__Stored items__
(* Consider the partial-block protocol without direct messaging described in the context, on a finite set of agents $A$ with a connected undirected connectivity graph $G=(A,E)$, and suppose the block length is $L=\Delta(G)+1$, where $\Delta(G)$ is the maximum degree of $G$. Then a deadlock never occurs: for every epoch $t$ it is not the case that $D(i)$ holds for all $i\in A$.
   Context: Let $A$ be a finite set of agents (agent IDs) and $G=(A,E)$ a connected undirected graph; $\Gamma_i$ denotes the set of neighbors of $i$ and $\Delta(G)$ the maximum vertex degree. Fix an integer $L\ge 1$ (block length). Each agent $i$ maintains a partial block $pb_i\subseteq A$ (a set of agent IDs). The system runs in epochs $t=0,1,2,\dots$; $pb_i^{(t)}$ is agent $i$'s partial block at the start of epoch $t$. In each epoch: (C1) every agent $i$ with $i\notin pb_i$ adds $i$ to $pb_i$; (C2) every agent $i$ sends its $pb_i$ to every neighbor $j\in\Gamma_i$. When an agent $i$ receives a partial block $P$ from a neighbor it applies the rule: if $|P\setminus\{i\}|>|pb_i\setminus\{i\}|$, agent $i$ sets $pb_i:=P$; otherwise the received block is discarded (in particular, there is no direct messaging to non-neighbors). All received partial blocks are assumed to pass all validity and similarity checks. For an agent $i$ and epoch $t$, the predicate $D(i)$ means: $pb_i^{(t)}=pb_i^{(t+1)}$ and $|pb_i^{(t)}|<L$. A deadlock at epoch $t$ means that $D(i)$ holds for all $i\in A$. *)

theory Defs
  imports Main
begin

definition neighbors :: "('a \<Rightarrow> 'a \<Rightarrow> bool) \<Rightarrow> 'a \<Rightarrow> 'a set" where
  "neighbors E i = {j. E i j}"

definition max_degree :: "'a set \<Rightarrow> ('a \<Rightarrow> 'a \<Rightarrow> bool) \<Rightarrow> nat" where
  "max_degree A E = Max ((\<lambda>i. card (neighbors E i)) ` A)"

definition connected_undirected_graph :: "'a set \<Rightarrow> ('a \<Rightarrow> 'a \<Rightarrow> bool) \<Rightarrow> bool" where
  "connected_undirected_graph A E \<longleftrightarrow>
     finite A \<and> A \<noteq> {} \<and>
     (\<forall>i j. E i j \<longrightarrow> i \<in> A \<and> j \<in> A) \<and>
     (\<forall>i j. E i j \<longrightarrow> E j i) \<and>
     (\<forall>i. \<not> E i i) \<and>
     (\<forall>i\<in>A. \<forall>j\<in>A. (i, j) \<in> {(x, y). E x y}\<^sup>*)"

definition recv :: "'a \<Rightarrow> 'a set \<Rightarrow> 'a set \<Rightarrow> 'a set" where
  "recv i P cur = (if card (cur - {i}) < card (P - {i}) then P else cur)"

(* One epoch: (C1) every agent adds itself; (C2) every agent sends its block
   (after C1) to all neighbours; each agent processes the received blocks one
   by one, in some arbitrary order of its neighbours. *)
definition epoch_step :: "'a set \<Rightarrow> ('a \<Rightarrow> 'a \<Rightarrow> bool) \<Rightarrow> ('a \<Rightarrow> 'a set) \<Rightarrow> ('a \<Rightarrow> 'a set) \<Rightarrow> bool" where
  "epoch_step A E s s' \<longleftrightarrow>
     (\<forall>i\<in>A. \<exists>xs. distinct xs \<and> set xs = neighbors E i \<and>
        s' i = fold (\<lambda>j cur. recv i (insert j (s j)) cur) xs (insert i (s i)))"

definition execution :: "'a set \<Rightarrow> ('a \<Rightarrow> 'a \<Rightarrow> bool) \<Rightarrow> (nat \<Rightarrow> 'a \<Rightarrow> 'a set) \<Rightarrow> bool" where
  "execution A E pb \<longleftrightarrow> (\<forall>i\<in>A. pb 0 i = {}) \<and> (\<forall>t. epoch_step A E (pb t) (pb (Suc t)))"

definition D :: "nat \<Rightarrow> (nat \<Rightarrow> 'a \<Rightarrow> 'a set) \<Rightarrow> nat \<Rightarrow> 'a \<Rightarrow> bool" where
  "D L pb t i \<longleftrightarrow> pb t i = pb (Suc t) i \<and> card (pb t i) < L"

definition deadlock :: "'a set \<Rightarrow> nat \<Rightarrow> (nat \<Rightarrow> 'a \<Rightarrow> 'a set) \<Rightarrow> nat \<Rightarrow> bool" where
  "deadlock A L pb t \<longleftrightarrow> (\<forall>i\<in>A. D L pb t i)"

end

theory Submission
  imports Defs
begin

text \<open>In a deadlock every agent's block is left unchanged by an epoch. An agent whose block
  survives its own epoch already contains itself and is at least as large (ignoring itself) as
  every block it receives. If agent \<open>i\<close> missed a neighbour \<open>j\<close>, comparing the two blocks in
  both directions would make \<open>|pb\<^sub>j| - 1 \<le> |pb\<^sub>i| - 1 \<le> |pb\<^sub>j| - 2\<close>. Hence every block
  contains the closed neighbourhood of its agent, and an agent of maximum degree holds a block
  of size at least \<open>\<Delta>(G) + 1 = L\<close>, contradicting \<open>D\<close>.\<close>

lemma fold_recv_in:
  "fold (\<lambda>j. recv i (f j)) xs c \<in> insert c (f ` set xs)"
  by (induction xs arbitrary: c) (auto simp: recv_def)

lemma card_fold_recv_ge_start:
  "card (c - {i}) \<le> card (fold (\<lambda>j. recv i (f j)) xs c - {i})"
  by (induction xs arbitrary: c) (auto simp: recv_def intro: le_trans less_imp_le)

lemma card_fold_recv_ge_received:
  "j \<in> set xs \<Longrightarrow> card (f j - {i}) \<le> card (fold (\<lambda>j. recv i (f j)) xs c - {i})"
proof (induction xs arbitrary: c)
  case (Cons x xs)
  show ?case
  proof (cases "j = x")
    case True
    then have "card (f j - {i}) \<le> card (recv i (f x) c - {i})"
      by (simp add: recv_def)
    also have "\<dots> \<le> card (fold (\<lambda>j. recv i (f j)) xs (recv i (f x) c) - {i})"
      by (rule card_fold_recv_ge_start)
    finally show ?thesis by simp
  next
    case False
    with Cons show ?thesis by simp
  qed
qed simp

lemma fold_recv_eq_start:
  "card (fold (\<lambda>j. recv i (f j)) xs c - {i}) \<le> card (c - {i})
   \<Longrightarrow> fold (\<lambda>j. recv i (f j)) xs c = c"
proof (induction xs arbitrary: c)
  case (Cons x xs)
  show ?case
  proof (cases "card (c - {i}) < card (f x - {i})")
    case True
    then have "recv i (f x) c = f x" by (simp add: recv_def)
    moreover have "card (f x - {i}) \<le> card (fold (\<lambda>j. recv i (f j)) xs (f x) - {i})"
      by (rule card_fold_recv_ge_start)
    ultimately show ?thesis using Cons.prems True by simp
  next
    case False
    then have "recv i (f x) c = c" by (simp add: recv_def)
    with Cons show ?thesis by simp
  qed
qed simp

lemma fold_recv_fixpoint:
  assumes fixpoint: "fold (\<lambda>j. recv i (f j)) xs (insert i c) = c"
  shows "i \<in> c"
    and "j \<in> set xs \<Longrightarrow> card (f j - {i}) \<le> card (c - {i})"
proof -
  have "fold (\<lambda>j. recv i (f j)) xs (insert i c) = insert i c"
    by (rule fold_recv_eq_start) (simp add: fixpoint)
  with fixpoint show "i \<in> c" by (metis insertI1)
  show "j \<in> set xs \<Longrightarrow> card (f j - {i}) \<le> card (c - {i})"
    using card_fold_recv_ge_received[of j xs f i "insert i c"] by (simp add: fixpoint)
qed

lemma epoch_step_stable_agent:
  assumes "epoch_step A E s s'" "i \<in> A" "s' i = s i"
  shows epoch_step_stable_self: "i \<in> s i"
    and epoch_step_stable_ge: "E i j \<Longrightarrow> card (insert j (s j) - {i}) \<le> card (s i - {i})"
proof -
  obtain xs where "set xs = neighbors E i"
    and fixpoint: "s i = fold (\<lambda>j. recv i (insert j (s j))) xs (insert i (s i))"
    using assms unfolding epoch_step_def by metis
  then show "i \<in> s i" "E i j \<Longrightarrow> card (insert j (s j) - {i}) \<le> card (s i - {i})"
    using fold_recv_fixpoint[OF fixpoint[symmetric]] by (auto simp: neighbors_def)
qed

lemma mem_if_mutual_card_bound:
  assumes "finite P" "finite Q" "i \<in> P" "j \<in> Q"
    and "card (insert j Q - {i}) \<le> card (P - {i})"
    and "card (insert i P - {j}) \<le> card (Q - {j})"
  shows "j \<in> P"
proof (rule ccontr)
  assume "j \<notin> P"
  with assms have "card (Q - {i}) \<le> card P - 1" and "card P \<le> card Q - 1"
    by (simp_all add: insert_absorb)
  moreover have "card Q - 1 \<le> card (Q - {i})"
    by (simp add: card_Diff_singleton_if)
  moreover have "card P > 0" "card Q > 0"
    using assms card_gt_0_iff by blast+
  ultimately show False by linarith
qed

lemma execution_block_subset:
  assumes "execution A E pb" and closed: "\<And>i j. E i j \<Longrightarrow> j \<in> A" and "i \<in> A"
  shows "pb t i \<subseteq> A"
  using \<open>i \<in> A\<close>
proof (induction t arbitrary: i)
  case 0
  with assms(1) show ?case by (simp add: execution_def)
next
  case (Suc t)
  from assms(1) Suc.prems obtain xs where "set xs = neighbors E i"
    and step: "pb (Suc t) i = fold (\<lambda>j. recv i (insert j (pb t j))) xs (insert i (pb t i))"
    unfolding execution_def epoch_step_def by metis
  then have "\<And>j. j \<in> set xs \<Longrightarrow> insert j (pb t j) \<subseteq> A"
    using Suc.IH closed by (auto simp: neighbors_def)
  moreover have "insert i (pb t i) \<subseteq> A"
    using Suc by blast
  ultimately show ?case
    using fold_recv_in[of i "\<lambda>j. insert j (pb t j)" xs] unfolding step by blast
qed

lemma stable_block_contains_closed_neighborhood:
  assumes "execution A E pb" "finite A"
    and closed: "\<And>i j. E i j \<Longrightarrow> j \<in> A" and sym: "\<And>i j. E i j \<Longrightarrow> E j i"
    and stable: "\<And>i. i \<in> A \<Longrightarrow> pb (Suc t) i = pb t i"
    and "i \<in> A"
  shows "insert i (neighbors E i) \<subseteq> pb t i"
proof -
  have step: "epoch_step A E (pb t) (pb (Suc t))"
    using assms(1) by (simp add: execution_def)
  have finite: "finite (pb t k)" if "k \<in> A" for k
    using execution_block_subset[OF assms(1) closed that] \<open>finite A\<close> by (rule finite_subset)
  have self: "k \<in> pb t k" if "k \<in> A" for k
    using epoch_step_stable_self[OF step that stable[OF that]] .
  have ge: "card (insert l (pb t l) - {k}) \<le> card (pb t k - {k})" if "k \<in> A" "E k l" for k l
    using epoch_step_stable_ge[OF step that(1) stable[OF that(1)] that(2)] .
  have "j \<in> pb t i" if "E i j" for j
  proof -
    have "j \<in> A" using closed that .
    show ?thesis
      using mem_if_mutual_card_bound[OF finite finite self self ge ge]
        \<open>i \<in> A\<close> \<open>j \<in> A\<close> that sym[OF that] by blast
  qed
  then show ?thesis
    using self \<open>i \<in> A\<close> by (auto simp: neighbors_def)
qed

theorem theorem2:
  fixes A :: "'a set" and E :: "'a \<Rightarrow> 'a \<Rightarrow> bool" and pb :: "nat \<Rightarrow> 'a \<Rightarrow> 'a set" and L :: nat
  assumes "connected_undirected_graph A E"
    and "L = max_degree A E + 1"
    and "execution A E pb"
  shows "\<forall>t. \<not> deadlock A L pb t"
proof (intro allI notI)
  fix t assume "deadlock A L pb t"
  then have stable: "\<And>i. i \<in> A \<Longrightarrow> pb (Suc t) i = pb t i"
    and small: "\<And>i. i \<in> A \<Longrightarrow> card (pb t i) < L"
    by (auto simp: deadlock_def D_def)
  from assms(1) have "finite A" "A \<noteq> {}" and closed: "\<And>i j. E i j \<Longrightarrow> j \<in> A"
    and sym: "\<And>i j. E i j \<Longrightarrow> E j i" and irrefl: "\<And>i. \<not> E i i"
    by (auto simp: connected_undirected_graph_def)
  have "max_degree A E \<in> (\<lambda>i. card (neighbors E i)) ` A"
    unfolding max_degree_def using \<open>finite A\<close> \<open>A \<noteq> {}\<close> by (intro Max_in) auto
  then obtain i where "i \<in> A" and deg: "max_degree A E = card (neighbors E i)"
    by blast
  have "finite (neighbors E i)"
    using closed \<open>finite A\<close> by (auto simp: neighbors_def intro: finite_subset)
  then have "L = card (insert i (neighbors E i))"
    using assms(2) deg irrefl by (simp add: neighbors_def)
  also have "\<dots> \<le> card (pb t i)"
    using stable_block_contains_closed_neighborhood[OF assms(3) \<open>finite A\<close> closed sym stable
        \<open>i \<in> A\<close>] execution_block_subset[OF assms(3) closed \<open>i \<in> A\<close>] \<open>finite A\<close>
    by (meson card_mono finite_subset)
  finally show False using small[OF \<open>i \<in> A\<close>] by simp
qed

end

__What the task requires__
Please return only the lines above, starting at the line that has "by one, in some" and ending at the line that has "survives its own", keeping both and leaving each one unchanged.

__The answer__
   by one, in some arbitrary order of its neighbours. *)
definition epoch_step :: "'a set \<Rightarrow> ('a \<Rightarrow> 'a \<Rightarrow> bool) \<Rightarrow> ('a \<Rightarrow> 'a set) \<Rightarrow> ('a \<Rightarrow> 'a set) \<Rightarrow> bool" where
  "epoch_step A E s s' \<longleftrightarrow>
     (\<forall>i\<in>A. \<exists>xs. distinct xs \<and> set xs = neighbors E i \<and>
        s' i = fold (\<lambda>j cur. recv i (insert j (s j)) cur) xs (insert i (s i)))"

definition execution :: "'a set \<Rightarrow> ('a \<Rightarrow> 'a \<Rightarrow> bool) \<Rightarrow> (nat \<Rightarrow> 'a \<Rightarrow> 'a set) \<Rightarrow> bool" where
  "execution A E pb \<longleftrightarrow> (\<forall>i\<in>A. pb 0 i = {}) \<and> (\<forall>t. epoch_step A E (pb t) (pb (Suc t)))"

definition D :: "nat \<Rightarrow> (nat \<Rightarrow> 'a \<Rightarrow> 'a set) \<Rightarrow> nat \<Rightarrow> 'a \<Rightarrow> bool" where
  "D L pb t i \<longleftrightarrow> pb t i = pb (Suc t) i \<and> card (pb t i) < L"

definition deadlock :: "'a set \<Rightarrow> nat \<Rightarrow> (nat \<Rightarrow> 'a \<Rightarrow> 'a set) \<Rightarrow> nat \<Rightarrow> bool" where
  "deadlock A L pb t \<longleftrightarrow> (\<forall>i\<in>A. D L pb t i)"

end

theory Submission
  imports Defs
begin

text \<open>In a deadlock every agent's block is left unchanged by an epoch. An agent whose block
  survives its own epoch already contains itself and is at least as large (ignoring itself) as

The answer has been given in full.